*** Material provided Section Begins ***
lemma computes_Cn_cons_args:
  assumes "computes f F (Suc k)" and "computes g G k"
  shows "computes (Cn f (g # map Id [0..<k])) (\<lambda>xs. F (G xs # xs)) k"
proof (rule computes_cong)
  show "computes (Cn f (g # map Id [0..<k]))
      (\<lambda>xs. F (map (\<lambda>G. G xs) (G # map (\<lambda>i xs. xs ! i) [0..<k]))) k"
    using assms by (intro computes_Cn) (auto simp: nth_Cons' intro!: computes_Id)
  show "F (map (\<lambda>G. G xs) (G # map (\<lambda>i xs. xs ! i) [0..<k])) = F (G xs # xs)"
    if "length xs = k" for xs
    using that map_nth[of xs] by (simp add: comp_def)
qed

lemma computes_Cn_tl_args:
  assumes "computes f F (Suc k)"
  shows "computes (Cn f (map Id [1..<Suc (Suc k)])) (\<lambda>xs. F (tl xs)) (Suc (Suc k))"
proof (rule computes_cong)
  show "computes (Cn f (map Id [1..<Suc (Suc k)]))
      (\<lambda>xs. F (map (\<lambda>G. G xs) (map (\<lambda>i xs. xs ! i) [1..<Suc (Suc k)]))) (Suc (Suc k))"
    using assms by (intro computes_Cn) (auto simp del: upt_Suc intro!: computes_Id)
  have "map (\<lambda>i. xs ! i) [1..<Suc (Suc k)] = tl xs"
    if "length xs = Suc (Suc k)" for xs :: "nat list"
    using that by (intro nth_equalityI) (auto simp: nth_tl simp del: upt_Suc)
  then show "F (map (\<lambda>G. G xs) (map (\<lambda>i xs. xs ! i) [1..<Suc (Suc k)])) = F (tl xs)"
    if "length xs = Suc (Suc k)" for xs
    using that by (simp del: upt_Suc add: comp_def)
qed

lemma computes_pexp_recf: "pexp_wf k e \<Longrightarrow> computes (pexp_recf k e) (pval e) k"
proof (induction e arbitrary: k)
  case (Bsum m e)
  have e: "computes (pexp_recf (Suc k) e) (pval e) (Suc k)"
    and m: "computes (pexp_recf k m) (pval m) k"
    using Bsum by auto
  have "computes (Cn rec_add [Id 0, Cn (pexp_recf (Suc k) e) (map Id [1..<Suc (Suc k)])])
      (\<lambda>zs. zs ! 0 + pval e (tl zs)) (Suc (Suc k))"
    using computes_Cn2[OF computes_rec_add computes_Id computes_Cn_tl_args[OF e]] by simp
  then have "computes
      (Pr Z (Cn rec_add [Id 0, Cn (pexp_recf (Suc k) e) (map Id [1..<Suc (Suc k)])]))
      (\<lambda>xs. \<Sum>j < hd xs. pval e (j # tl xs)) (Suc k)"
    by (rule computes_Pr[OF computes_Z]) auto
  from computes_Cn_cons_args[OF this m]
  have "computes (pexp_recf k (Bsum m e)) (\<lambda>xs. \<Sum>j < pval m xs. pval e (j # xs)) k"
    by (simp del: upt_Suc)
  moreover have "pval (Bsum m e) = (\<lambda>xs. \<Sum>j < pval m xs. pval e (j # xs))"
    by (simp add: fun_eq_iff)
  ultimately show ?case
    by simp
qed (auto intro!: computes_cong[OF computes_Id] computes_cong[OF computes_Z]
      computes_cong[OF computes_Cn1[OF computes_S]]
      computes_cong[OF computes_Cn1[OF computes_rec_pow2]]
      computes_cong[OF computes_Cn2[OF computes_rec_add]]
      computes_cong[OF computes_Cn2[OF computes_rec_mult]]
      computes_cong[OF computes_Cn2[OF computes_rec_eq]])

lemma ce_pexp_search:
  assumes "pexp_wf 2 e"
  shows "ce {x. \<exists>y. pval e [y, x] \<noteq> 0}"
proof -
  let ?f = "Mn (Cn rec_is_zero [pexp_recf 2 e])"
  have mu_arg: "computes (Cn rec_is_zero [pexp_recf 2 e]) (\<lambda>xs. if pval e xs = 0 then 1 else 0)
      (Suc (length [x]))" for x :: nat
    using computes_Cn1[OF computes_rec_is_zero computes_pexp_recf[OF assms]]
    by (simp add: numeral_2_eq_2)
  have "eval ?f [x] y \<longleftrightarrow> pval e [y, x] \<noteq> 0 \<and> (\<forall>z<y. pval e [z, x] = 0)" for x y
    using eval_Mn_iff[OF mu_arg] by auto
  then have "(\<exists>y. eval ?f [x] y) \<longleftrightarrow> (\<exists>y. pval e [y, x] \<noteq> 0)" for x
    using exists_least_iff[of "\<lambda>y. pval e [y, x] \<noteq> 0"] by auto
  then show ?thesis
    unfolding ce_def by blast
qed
*** Material provided Section Ends ***
*** Material provided Section Begins ***
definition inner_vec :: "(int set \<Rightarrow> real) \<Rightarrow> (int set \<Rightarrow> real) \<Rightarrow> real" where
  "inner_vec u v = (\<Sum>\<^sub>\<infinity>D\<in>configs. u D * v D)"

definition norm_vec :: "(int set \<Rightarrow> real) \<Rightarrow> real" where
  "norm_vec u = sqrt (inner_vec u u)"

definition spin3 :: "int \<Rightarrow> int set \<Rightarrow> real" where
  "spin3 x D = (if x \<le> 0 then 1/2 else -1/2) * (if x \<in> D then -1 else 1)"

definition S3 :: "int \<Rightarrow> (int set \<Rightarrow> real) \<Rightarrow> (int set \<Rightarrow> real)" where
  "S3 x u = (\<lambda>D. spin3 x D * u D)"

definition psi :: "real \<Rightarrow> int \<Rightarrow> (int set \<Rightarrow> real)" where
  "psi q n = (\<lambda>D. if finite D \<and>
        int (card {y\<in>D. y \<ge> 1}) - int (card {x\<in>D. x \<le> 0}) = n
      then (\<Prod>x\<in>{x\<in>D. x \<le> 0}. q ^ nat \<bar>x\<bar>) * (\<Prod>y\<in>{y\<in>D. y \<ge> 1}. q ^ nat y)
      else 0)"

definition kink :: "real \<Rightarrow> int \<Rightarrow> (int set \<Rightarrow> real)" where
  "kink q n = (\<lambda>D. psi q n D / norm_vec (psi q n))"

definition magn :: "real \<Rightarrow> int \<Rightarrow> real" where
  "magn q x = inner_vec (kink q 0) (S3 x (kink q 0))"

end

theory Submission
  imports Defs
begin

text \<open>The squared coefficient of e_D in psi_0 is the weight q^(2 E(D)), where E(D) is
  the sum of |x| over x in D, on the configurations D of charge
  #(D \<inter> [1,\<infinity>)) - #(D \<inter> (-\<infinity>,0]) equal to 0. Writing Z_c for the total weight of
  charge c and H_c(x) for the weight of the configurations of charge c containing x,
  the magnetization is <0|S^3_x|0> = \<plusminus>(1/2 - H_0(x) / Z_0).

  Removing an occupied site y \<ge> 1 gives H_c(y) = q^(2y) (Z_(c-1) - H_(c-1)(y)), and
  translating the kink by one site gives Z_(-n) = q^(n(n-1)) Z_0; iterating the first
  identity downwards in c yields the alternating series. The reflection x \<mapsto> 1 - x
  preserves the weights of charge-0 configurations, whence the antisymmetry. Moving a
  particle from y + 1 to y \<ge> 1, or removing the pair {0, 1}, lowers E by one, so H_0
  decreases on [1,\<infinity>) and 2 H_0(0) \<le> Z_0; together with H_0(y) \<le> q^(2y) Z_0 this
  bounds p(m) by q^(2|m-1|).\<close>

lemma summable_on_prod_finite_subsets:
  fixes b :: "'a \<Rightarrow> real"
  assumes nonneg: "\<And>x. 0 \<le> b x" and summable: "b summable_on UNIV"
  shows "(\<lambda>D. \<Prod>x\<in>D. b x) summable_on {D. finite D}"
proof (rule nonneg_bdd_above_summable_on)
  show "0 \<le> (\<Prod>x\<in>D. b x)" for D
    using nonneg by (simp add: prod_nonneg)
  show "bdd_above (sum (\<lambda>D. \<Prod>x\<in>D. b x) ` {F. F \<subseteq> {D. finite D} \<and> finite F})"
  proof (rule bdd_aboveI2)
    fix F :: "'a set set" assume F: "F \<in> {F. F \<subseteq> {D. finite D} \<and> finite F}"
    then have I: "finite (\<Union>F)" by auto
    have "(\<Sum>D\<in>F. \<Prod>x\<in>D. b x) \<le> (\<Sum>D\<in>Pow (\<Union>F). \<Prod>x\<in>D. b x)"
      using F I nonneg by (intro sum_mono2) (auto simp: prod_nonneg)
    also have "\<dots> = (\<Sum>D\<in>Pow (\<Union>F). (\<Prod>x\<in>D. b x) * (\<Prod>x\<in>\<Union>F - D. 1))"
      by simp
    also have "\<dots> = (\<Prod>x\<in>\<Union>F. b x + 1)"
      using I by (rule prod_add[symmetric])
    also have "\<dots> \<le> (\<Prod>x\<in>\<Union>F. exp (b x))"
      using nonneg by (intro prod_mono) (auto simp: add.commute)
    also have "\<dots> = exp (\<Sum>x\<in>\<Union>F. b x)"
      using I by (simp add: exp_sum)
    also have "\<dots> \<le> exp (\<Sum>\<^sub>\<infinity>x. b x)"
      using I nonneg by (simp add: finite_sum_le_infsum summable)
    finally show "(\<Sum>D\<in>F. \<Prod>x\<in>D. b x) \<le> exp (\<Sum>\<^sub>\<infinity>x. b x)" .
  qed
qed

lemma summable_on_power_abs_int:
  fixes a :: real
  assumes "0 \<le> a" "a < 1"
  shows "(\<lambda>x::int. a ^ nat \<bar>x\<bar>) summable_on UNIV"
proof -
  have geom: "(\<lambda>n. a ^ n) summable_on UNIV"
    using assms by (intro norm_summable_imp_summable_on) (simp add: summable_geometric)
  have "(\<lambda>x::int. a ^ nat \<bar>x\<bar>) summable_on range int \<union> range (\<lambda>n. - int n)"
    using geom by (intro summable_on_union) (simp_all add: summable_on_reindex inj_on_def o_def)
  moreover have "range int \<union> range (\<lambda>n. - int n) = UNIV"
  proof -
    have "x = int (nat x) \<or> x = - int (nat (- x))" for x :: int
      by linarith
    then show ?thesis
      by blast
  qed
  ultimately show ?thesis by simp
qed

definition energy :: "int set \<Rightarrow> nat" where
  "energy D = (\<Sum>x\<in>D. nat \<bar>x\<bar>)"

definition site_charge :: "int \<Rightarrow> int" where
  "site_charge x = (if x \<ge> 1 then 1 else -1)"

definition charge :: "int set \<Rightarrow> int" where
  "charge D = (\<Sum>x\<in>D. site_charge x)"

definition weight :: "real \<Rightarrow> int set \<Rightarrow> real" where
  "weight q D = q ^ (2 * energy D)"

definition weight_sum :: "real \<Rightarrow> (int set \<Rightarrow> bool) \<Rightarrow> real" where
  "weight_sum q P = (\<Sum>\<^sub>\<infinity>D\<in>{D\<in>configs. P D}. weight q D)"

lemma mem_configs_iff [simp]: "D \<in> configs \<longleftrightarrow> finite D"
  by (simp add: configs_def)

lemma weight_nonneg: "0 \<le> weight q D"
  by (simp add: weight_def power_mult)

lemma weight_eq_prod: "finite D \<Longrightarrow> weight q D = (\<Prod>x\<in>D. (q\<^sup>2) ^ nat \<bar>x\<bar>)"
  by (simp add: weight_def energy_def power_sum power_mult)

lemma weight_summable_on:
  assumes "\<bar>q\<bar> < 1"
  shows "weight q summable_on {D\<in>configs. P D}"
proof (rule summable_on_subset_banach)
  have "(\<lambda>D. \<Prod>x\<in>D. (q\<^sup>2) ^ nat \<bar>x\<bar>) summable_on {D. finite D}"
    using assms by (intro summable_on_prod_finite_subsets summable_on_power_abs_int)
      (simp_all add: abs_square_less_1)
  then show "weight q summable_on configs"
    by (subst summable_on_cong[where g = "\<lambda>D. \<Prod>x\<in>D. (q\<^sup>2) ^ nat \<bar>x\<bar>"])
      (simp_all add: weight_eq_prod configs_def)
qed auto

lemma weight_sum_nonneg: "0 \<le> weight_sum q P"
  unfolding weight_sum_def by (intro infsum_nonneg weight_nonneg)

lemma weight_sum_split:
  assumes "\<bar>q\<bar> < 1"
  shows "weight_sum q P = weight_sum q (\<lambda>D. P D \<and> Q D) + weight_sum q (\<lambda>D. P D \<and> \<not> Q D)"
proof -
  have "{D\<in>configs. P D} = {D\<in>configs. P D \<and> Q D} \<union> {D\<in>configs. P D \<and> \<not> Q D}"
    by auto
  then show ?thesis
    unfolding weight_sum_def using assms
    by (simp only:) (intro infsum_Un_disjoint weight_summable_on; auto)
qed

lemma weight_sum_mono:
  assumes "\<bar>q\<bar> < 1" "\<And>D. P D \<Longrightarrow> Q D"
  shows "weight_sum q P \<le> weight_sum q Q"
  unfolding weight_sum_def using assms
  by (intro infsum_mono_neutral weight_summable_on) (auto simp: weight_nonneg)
*** Material provided Section Ends ***
*Problem details*. Determine the number of lines in the listing that contain the string "Longrightarrow". Write that number and nothing else.

*Response to this exercise*. 3